Segment Start: PROVIDED MATERIAL

(* For every finite graph $G$, \[\mathrm{VCdim}(G)\le 8\,\mathrm{fw}_1(G)\quad\text{and}\quad \mathrm{2VCdim}(G)\le 8\,\mathrm{fw}_2(G)+2.\]
   Context: Graphs are finite, simple, undirected; $N(v)$ is the (open) neighbourhood of $v$. $\mathrm{VCdim}(G)$ is the largest size of a set $X\subseteq V(G)$ with $\{N(v)\cap X: v\in V(G)\}=2^X$. $\mathrm{2VCdim}(G)$ is the largest size of a set $X\subseteq V(G)$ such that for every two distinct $a,b\in X$ there is $c\in V(G)$ with $N(c)\cap X=\{a,b\}$. A $k$-flip of $G$ is a graph obtained by choosing a partition $\mathcal P$ of $V(G)$ with at most $k$ parts and, for some pairs $A,B$ of (possibly equal) parts, inverting the adjacency of every pair of distinct vertices $x\in A$, $y\in B$. Flipper game of radius $r$ and width $k$: $G_0=G$, runner chooses $v_0$; in round $i\ge1$ the flipper announces a $k$-flip $G_i$ of $G$, then the runner moves from $v_{i-1}$ to $v_i$ along a path of length at most $r$ in $G_{i-1}$; the flipper wins if $v_i$ is isolated in $G_i$. $\mathrm{fw}_r(G)$ is the least $k$ for which the flipper has a winning strategy. *)

theory Defs
  imports Main
begin

definition finite_graph :: "'a set \<Rightarrow> ('a \<Rightarrow> 'a \<Rightarrow> bool) \<Rightarrow> bool" where
  "finite_graph V E \<longleftrightarrow> finite V \<and>
     (\<forall>x y. E x y \<longrightarrow> x \<in> V \<and> y \<in> V \<and> x \<noteq> y) \<and>
     (\<forall>x y. E x y \<longrightarrow> E y x)"

definition nbhd :: "'a set \<Rightarrow> ('a \<Rightarrow> 'a \<Rightarrow> bool) \<Rightarrow> 'a \<Rightarrow> 'a set" where
  "nbhd V E v = {u \<in> V. E v u}"

definition shattered :: "'a set \<Rightarrow> ('a \<Rightarrow> 'a \<Rightarrow> bool) \<Rightarrow> 'a set \<Rightarrow> bool" where
  "shattered V E X \<longleftrightarrow> X \<subseteq> V \<and> {nbhd V E v \<inter> X | v. v \<in> V} = Pow X"

text \<open>Largest size of a shattered set (Sup of the empty set of naturals is 0).\<close>
definition VCdim :: "'a set \<Rightarrow> ('a \<Rightarrow> 'a \<Rightarrow> bool) \<Rightarrow> nat" where
  "VCdim V E = Sup {card X | X. shattered V E X}"

definition two_shattered :: "'a set \<Rightarrow> ('a \<Rightarrow> 'a \<Rightarrow> bool) \<Rightarrow> 'a set \<Rightarrow> bool" where
  "two_shattered V E X \<longleftrightarrow> X \<subseteq> V \<and>
     (\<forall>a\<in>X. \<forall>b\<in>X. a \<noteq> b \<longrightarrow> (\<exists>c\<in>V. nbhd V E c \<inter> X = {a, b}))"

definition twoVCdim :: "'a set \<Rightarrow> ('a \<Rightarrow> 'a \<Rightarrow> bool) \<Rightarrow> nat" where
  "twoVCdim V E = Sup {card X | X. two_shattered V E X}"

Segment End: PROVIDED MATERIAL

EXERCISE AIM
Could you set down exactly the lines above, from the one containing "(\<forall>a\<in>X. \<forall>b\<in>X. a" through the last, including both and nothing else?

EXERCISE SOLUTION
     (\<forall>a\<in>X. \<forall>b\<in>X. a \<noteq> b \<longrightarrow> (\<exists>c\<in>V. nbhd V E c \<inter> X = {a, b}))"

definition twoVCdim :: "'a set \<Rightarrow> ('a \<Rightarrow> 'a \<Rightarrow> bool) \<Rightarrow> nat" where
  "twoVCdim V E = Sup {card X | X. two_shattered V E X}"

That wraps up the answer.